Learn more about the field of cave exploration in this interview with Hazel Barton

Spotlight on cave explorer Hazel Barton

Q: How did you get into caving?

A: When I was fourteen, I took an Outward Bound course in England, and we went into a cave, and I just felt really comfortable. There were probably about thirty kids and one guide, and everybody was so scared, but it didn't faze me at all.

 

Q: How do you do what you do? Describe your work process.

A: Cave research is just one part of what I do. I'm trying to understand different kinds of extreme environments and the microorganisms that inhabit them, and the sky's the limit on what you would consider an extreme environment. For example, the human ear is an extreme environment because you've got the waxes and the acids and everything else in there. The tuberculoid lung, which I'm working on now, is also an extreme environment.

I go to these really cool places, like the Yucatan Peninsula, and collect samples, and other times I'm in the lab and I'm pouring a nasty lung out of a Ziploc baggie into a plate. Then we take the samples, and pull out the genetic signature of the organism we're interested in, in the lab. We compare it to everybody else's genetic signature to see how its DNA has changed over the course of evolution. That gives us an indication of where the organism is located on the tree of life and what chemicals and environmental factors it needs to survive.

 

Q: How many people are involved in what you do?

A: If I'm going on a caving trip, two or three, and there are sixteen people in the lab.

 

Q: What do you like/dislike about what you do?

A: A hundred and fifty years ago when Darwin described how the different kinds of life evolved and the phylogenetic relationships on the tree of life, he said it wouldn't be possible to describe bacteria in the same way until the tools were developed that allowed us to look at bacteria in new ways. Because of the developments in molecular biology over the past fifteen years, now we have these tools, and we can apply Darwin's theories to bacteria. That is really exciting.

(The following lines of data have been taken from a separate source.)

lemma kernel_dim_four_block_mat_le:
  fixes B C D :: "complex mat"
  assumes B: "B \<in> carrier_mat d d" and C: "C \<in> carrier_mat d m" and D: "D \<in> carrier_mat m m"
  shows "kernel_dim (four_block_mat B C (0\<^sub>m m d) D) \<le> kernel_dim B + m"
proof -
  define T where "T = four_block_mat B C (0\<^sub>m m d) D"
  have T: "T \<in> carrier_mat (d + m) (d + m)" unfolding T_def using four_block_carrier_mat[OF B D] .
  interpret KT: kernel "d + m" "d + m" T by unfold_locales (rule T)
  interpret KB: kernel d d B by unfold_locales (rule B)
  interpret VM: vec_space "TYPE(complex)" m .
  define f where "f x = vec_last x m" for x :: "complex vec"
  have dim_KT: "dim_vec x = d + m" if "x \<in> mat_kernel T" for x
    using that mat_kernel_carrier[OF T] by auto
  have "f \<in> module_hom class_ring KT.VK VM.V"
    unfolding module_hom_def f_def by (auto simp: module_vec_def vec_last_def dim_KT)
  then interpret f: linear_map class_ring KT.VK VM.V f
    using KT.Ker.vectorspace_axioms VM.vectorspace_axioms
    unfolding linear_map_def mod_hom_def mod_hom_axioms_def vectorspace_def by auto
  have "KT.Ker.fin_dim"
    using kernel_basis_exists[OF T] unfolding KT.Ker.fin_dim_def KT.Ker.basis_def by auto
  then have KT_le: "KT.dim \<le> vectorspace.dim class_ring (KT.VK\<lparr>carrier := f.kerT\<rparr>) + m"
    by (rule linear_map_into_vec_dim_le[OF f.linear_map_axioms])
  interpret vardim "TYPE(complex)" .
  let ?g = "\<lambda>y. y @\<^sub>v 0\<^sub>v m"
  have ker_f: "f.kerT = ?g ` mat_kernel B"
    using mat_kernel_four_block_vec_last_0[OF B C D, folded T_def] unfolding f.ker_def f_def
    by (simp add: module_vec_def)
  interpret ker_f: vectorspace class_ring "KT.VK\<lparr>carrier := f.kerT\<rparr>"
    by (rule KT.Ker.subspace_is_vs[OF f.kerT_is_subspace])
  have KB_carrier: "x \<in> carrier_vec d" if "x \<in> mat_kernel B" for x
    using that mat_kernel_carrier[OF B] by auto
  have "?g \<in> module_hom class_ring KB.VK (KT.VK\<lparr>carrier := f.kerT\<rparr>)"
    unfolding module_hom_def ker_f
    by (auto simp: module_vec_def append_vec_add[where n = d and m = m] KB_carrier)
  then interpret g: linear_map class_ring KB.VK "KT.VK\<lparr>carrier := f.kerT\<rparr>" ?g
    using KB.Ker.vectorspace_axioms ker_f.vectorspace_axioms
    unfolding linear_map_def mod_hom_def mod_hom_axioms_def vectorspace_def by auto
  have "KB.Ker.fin_dim"
    using kernel_basis_exists[OF B] unfolding KB.Ker.fin_dim_def KB.Ker.basis_def by auto
  moreover have "inj_on ?g (carrier KB.VK)" using padr_inj KB_carrier by (auto intro: inj_on_subset)
  moreover have "?g ` carrier KB.VK = carrier (KT.VK\<lparr>carrier := f.kerT\<rparr>)" using ker_f by simp
  ultimately have "KB.dim = ker_f.dim" by (rule g.dim_eq)
  with KT_le show ?thesis unfolding T_def[symmetric] by simp
qed

lemma geom_mult_four_block_mat_le:
  assumes B: "B \<in> carrier_mat d d" and C: "C \<in> carrier_mat d m" and D: "D \<in> carrier_mat m m"
  shows "geom_mult (four_block_mat B C (0\<^sub>m m d) D) l \<le> geom_mult B l + m"
proof -
  have "four_block_mat B C (0\<^sub>m m d) D - l \<cdot>\<^sub>m 1\<^sub>m (d + m)
      = four_block_mat (B - l \<cdot>\<^sub>m 1\<^sub>m d) C (0\<^sub>m m d) (D - l \<cdot>\<^sub>m 1\<^sub>m m)"
    using B C D by (intro eq_matI) auto
  moreover have "B - l \<cdot>\<^sub>m 1\<^sub>m d \<in> carrier_mat d d" "D - l \<cdot>\<^sub>m 1\<^sub>m m \<in> carrier_mat m m"
    using B D by auto
  ultimately show ?thesis unfolding geom_mult_def
    using B D kernel_dim_four_block_mat_le[OF _ C] by simp
qed

lemma geom_mult_eq_kernel_dim_char_matrix:
  "A \<in> carrier_mat n n \<Longrightarrow> geom_mult A l = kernel_dim (char_matrix A l)"
  unfolding geom_mult_def char_matrix_def by (auto intro!: arg_cong[where f = kernel_dim])

lemma geom_mult_similar:
  assumes A: "A \<in> carrier_mat n n" and sim: "similar_mat A P"
  shows "geom_mult A l = geom_mult P l"
proof -
  obtain W W' where wit: "similar_mat_wit A P W W'" using sim unfolding similar_mat_def by blast
  have P: "P \<in> carrier_mat n n" using similar_mat_witD2[OF A wit] by auto
  have "kernel.dim n (char_matrix A l) = kernel.dim n (char_matrix P l)"
    by (rule similar_mat_wit_kernel_dim[OF _ similar_mat_wit_char_matrix[OF wit]]) (use A in simp)
  moreover have "char_matrix A l \<in> carrier_mat n n" "char_matrix P l \<in> carrier_mat n n"
    using A P by auto
  ultimately show ?thesis unfolding geom_mult_eq_kernel_dim_char_matrix[OF A]
      geom_mult_eq_kernel_dim_char_matrix[OF P] kernel_dim_def by simp
qed

lemma geom_mult_eq_0_if_not_eigenvalue:
  assumes B: "B \<in> carrier_mat d d" and not_eigen: "\<not> eigenvalue B l"
  shows "geom_mult B l = 0"
proof -
  let ?M = "char_matrix B l"
  have M: "?M \<in> carrier_mat d d" using B by simp
  interpret K: kernel d d ?M by unfold_locales (rule M)
  have "mat_kernel ?M = {0\<^sub>v d}"
  proof
    show "mat_kernel ?M \<subseteq> {0\<^sub>v d}"
      using not_eigen eigenvalue_char_matrix[OF B] mat_kernelD[OF M] by blast
    show "{0\<^sub>v d} \<subseteq> mat_kernel ?M" using M by (auto intro: mat_kernelI)
  qed
  moreover have "\<not> K.Ker.lin_dep {}" unfolding module.lin_dep_def[OF K.Ker.module_axioms] by auto
  ultimately have "K.Ker.basis {}" unfolding K.Ker.basis_def using K.Ker.span_empty by auto
  then have "K.dim = 0" using K.Ker.dim_basis by fastforce
  then show ?thesis unfolding geom_mult_eq_kernel_dim_char_matrix[OF B] by simp
qed

lemma mult_le_restriction:
  assumes A: "A \<in> carrier_mat n n" and V: "basis_mat n H V d" and B: "B \<in> carrier_mat d d"
    and AV: "A * V = V * B"
  shows "alg_mult A l \<le> alg_mult B l + (n - d)" and "geom_mult A l \<le> geom_mult B l + (n - d)"
proof -
  obtain C D where C: "C \<in> carrier_mat d (n - d)" and D: "D \<in> carrier_mat (n - d) (n - d)"
    and sim: "similar_mat A (four_block_mat B C (0\<^sub>m (n - d) d) D)"
    using similar_block_triangular_of_basis_mat[OF A V B AV] by blast
  show "alg_mult A l \<le> alg_mult B l + (n - d)"
    using alg_mult_four_block_mat_le[OF B C D] char_poly_similar[OF sim] unfolding alg_mult_def
      by simp
  show "geom_mult A l \<le> geom_mult B l + (n - d)"
    using geom_mult_four_block_mat_le[OF B C D] geom_mult_similar[OF A sim] by simp
qed

theorem theorem5p1:
  fixes A :: "complex mat" and H :: "complex vec set" and n :: nat
  assumes A: "A \<in> carrier_mat n n"
    and H: "is_subspace n H"
    and inv: "invariant_under A H"
  shows "(\<forall>l::complex.
           alg_mult A l \<le> alg_mult (restr_mat A H) l + n - subspace_dim n H \<and>
           geom_mult A l \<le> geom_mult (restr_mat A H) l + n - subspace_dim n H) \<and>
         (\<forall>(\<mu> :: complex vec \<Rightarrow> real) (l::complex).
           is_vec_norm n \<mu> \<longrightarrow> cmod l > partial_norm \<mu> H A \<longrightarrow>
           alg_mult A l \<le> n - subspace_dim n H \<and> geom_mult A l \<le> n - subspace_dim n H)"
proof -
  obtain V d where V: "basis_mat n H V d" and B: "restr_mat A H \<in> carrier_mat d d"
    and AV: "A * V = V * restr_mat A H"
    using restr_mat_basis_mat[OF A H inv] .
  have dim: "subspace_dim n H = d" by (rule subspace_dim_basis_mat[OF H V])
  have "d \<le> n" by (rule basis_mat_dim_le[OF V])
  note le = mult_le_restriction[OF A V B AV]
  show ?thesis
    unfolding dim
  proof (intro conjI allI impI)
    fix l
    show "alg_mult A l \<le> alg_mult (restr_mat A H) l + n - d"
      and "geom_mult A l \<le> geom_mult (restr_mat A H) l + n - d"
      using le[of l] \<open>d \<le> n\<close> by simp_all
  next
    fix \<mu> l assume "is_vec_norm n \<mu>" "partial_norm \<mu> H A < cmod l"
    then have "\<not> eigenvalue (restr_mat A H) l" by (rule not_eigenvalue_restriction[OF A H V B AV])
    then have "alg_mult (restr_mat A H) l = 0" "geom_mult (restr_mat A H) l = 0"
      using alg_mult_eq_0_iff[OF B] geom_mult_eq_0_if_not_eigenvalue[OF B] by blast+
    then show "alg_mult A l \<le> n - d" and "geom_mult A l \<le> n - d" using le[of l] by simp_all
  qed
qed

end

Also, the medical implications are limitless. The problem we have is that ninety percent of antibiotics are useless. So with things like multi-drug-resistant strains of diseases like tuberculosis, you've got to come up with something that the bacteria that cause disease won't be able to defend against. We aim to find microorganisms from one of these alternate kingdoms that can help fight these diseases.

 

Q: What was high school like? Were you into caving?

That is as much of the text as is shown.